Alani e outros analistas dizem que as esperanças de fazer a maré virar contra o EI agora estão voltadas não aos ataques aéreos mas a uma ofensiva terrestre prometida no Iraque, especificamente a recaptura de Mossul, cuja queda dramática em junho do ano passado chocou o mundo. Forças terrestres árabes não participarão da ofensiva, mas os sauditas estariam assinalando sua disposição de dar apoio financeiro.

Mesmo assim, ainda há desconfiança em relação ao governo de maioria xiita de Haider al-Abadi, em Bagdá, com poucos avanços perceptíveis nos esforços para emancipar uma comunidade sunita ainda inconformada com sua perda de poder desde a derrubada de Saddam Hussein na invasão de 2003, liderada pelos EUA.

Os sunitas temem uma "libertação" às mãos de um Exército iraquiano apoiado por milícias xiitas -que colaboram estreitamente com a Guarda Revolucionária iraniana e são acusadas de atrocidades sectárias em áreas retomadas do EI.

Assim, apesar do horror da execução de Kaseasbeh, a impressão é que o momento atual não é de virada. "Acho que a resposta jordaniana à morte do piloto, por mais esta tenha sido grotesca e chocante, não pode isoladamente representar uma solução", comentou John Jenkins, que se aposentou recentemente do cargo de embaixador britânico na Arábia Saudita e hoje é diretor para o Oriente Médio do Instituto de Estudos Estratégicos (IISS, na sigla em inglês).

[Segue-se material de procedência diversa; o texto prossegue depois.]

definition Vrho ::
  "('s::finite \<Rightarrow> 'a::finite \<Rightarrow> 's \<Rightarrow> real) \<Rightarrow> ('s \<Rightarrow> 'a \<Rightarrow> real) \<Rightarrow> real \<Rightarrow> ('s \<Rightarrow> real) \<Rightarrow> ('s \<Rightarrow> 'a \<Rightarrow> real) \<Rightarrow> real" where
  "Vrho P r g rho p = (\<Sum>s\<in>UNIV. rho s * Vf P r g p s)"

definition Vstar ::
  "('s::finite \<Rightarrow> 'a::finite \<Rightarrow> 's \<Rightarrow> real) \<Rightarrow> ('s \<Rightarrow> 'a \<Rightarrow> real) \<Rightarrow> real \<Rightarrow> ('s \<Rightarrow> real) \<Rightarrow> real" where
  "Vstar P r g rho = (SUP p\<in>{p. stoch_policy p}. Vrho P r g rho p)"

definition optimal_policy ::
  "('s::finite \<Rightarrow> 'a::finite \<Rightarrow> 's \<Rightarrow> real) \<Rightarrow> ('s \<Rightarrow> 'a \<Rightarrow> real) \<Rightarrow> real \<Rightarrow> ('s \<Rightarrow> 'a \<Rightarrow> real) \<Rightarrow> bool" where
  "optimal_policy P r g p \<longleftrightarrow> stoch_policy p \<and>
     (\<forall>p'. stoch_policy p' \<longrightarrow> (\<forall>s. Vf P r g p' s \<le> Vf P r g p s))"

definition dvis ::
  "('s::finite \<Rightarrow> 'a::finite \<Rightarrow> 's \<Rightarrow> real) \<Rightarrow> real \<Rightarrow> ('s \<Rightarrow> real) \<Rightarrow> ('s \<Rightarrow> 'a \<Rightarrow> real) \<Rightarrow> 's \<Rightarrow> real" where
  "dvis P g rho p s = (1 - g) * (\<Sum>t. g ^ t * (\<Sum>s0\<in>UNIV. rho s0 * state_dist P p s0 t s))"

definition softmax :: "('s \<Rightarrow> 'a::finite \<Rightarrow> real) \<Rightarrow> 's \<Rightarrow> 'a \<Rightarrow> real" where
  "softmax theta s a = exp (theta s a) / (\<Sum>a'\<in>UNIV. exp (theta s a'))"

definition adv ::
  "('s::finite \<Rightarrow> 'a::finite \<Rightarrow> 's \<Rightarrow> real) \<Rightarrow> ('s \<Rightarrow> 'a \<Rightarrow> real) \<Rightarrow> real \<Rightarrow> ('s \<Rightarrow> 'a \<Rightarrow> real) \<Rightarrow> 's \<Rightarrow> 'a \<Rightarrow> real" where
  "adv P r g p s a = Qf P r g p s a - Vf P r g p s"

definition eg_step ::
  "('s::finite \<Rightarrow> 'a::finite \<Rightarrow> 's \<Rightarrow> real) \<Rightarrow> ('s \<Rightarrow> 'a \<Rightarrow> real) \<Rightarrow> real \<Rightarrow> real \<Rightarrow> ('s \<Rightarrow> 'a \<Rightarrow> real) \<Rightarrow> 's \<Rightarrow> 'a \<Rightarrow> real" where
  "eg_step P r g eta p s a =
     p s a * exp (eta * max 0 (adv P r g p s a)) /
     (\<Sum>a'\<in>UNIV. p s a' * exp (eta * max 0 (adv P r g p s a')))"

end

theory Submission
  imports Defs
begin

(*
  Everything rests on the performance difference lemma: V^p(s) - V^q(s) is the discounted
  expectation, along the chain driven by p, of sum_a p(a|s) U^q_a(s).  For two consecutive EG
  iterates the integrand is nonnegative and at least c * sum_a pi_t(a|s) [U^t_a(s)]_+^2 at the
  starting state, so the values increase, converge, and the weighted positive advantages
  pi_t(a|s) [U^t_a(s)]_+ vanish.  The limiting advantages are therefore nonpositive: an action
  with positive limiting advantage would eventually have nondecreasing probability.  Comparing an
  arbitrary policy with pi_t by the same lemma gives V^p <= lim V^{pi_t}, so the values converge to
  V^{pi*}.  Finally, as d_rho >= d_min, the gap (1 - gamma) (V* - V(pi_t)) dominates
  d_min pi_t(a|s) |A*(s,a)|, which forces pi_t(a|s) -> 0 whenever A*(s,a) < 0; by uniqueness pi*
  is deterministic and these are exactly the actions it never takes.
*)

lemma sum_delta_mult: "(\<Sum>x\<in>(UNIV::'b::finite set). (if x = y then 1 else 0) * f x) = (f y :: real)"
  by (simp add: if_distrib[of "\<lambda>c. c * _"] cong: if_cong)

lemma sum_le_member_nonpos:
  fixes f :: "'b \<Rightarrow> real"
  assumes "finite A" "a \<in> A" "\<And>x. x \<in> A \<Longrightarrow> f x \<le> 0"
  shows "sum f A \<le> f a"
  using member_le_sum[of a A "\<lambda>x. - f x"] assms by (simp add: sum_negf)

lemma tendsto_1_if_others_tendsto_0:
  fixes p :: "nat \<Rightarrow> 'a::finite \<Rightarrow> real"
  assumes sum1: "\<And>t. (\<Sum>b\<in>UNIV. p t b) = 1"
    and others: "\<And>b. b \<noteq> a \<Longrightarrow> (\<lambda>t. p t b) \<longlonglongrightarrow> 0"
  shows "(\<lambda>t. p t a) \<longlonglongrightarrow> 1"
proof -
  have "p t a = 1 - (\<Sum>b\<in>UNIV - {a}. p t b)" for t
    using sum.remove[of UNIV a "p t"] sum1[of t] by simp
  moreover have "(\<lambda>t. 1 - (\<Sum>b\<in>UNIV - {a}. p t b)) \<longlonglongrightarrow> 1 - (\<Sum>b\<in>UNIV - {a}. 0)"
    using others by (intro tendsto_intros) auto
  ultimately show ?thesis by simp
qed

lemma exp_minus_1_le: "0 \<le> x \<Longrightarrow> exp x - 1 \<le> x * exp (x::real)"
  using mult_right_mono[OF exp_ge_add_one_self[of "-x"], of "exp x"] by (simp add: algebra_simps exp_minus_inverse)

lemma pos_part_sq_le_exp_minus_1:
  fixes eta u :: real
  assumes "0 \<le> eta"
  shows "eta * (max 0 u)\<^sup>2 \<le> (exp (eta * max 0 u) - 1) * u"
proof (cases "0 \<le> u")
  case True
  have "eta * u \<le> exp (eta * u) - 1" using exp_ge_add_one_self[of "eta * u"] by linarith
  from mult_right_mono[OF this True] show ?thesis using True by (simp add: power2_eq_square algebra_simps)
qed simp

lemma stoch_policy_le_1: "stoch_policy p \<Longrightarrow> p s a \<le> 1"
  using member_le_sum[of a UNIV "p s"] by (simp add: stoch_policy_def)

"Uma vez que a sede de vingança for saciada, vamos voltar à patologia inicial: basicamente, não é possível usar milícias xiitas para vencer uma batalha 'sectarizada' pelos corações e mentes sunitas. E o Iraque e o Iêmen, de maneiras distintas, representam exatamente isso. Enquanto isso, Assad está gargalhando."

O comentarista americano Aaron David Miller observou: "Por mais que possa ser tentador enxergar a morte [do piloto] como ato transformador, é provável que não o seja. Além de uma coordenação militar adicional com a Jordânia, só podemos prever a continuação da estratégia global para frear os avanços do Estado Islâmico no Iraque e o plano para assistir as forças iraquianas na retomada de... Mossul e outras áreas. A campanha aérea vai continuar contra o Estado Islâmico na Síria. Mudanças mais amplas da política americana em consequência do assassinato do piloto -por exemplo, o envio de grande número de tropas terrestres-parecem pouco prováveis."

As autoridades dos EUA dizem que tropas terrestres serão necessárias para derrotar o EI tanto no Iraque quanto na Síria, mas insistem que essas tropas devem ser compostas de iraquianos e rebeldes sírios moderados. Os EUA já começaram a treinar forças iraquianas. O esquema para "treinar e equipar" sírios só está previsto para começar na primavera do hemisfério Norte.

Especialistas regionais concordam que os países árabes ainda têm reservas profundas em relação à estratégia global de Obama para o Oriente Médio. "O modo horrendo e provocante em que Kasasbeh foi executado silenciou momentaneamente as críticas à coalizão e obrigou as lideranças árabes a tomar algumas medidas para projetar resolução e aplacar suas próprias bases", disse o analista Emile Hokayen, do IISS.

"Mas é pouco provável que esta tragédia mude decisivamente a opinião dos países árabes em relação à campanha. Sua discordância em torno da estratégia dos EUA, sua frustração com os acontecimentos no Iraque e seus receios quanto ao Irã continuam fortes."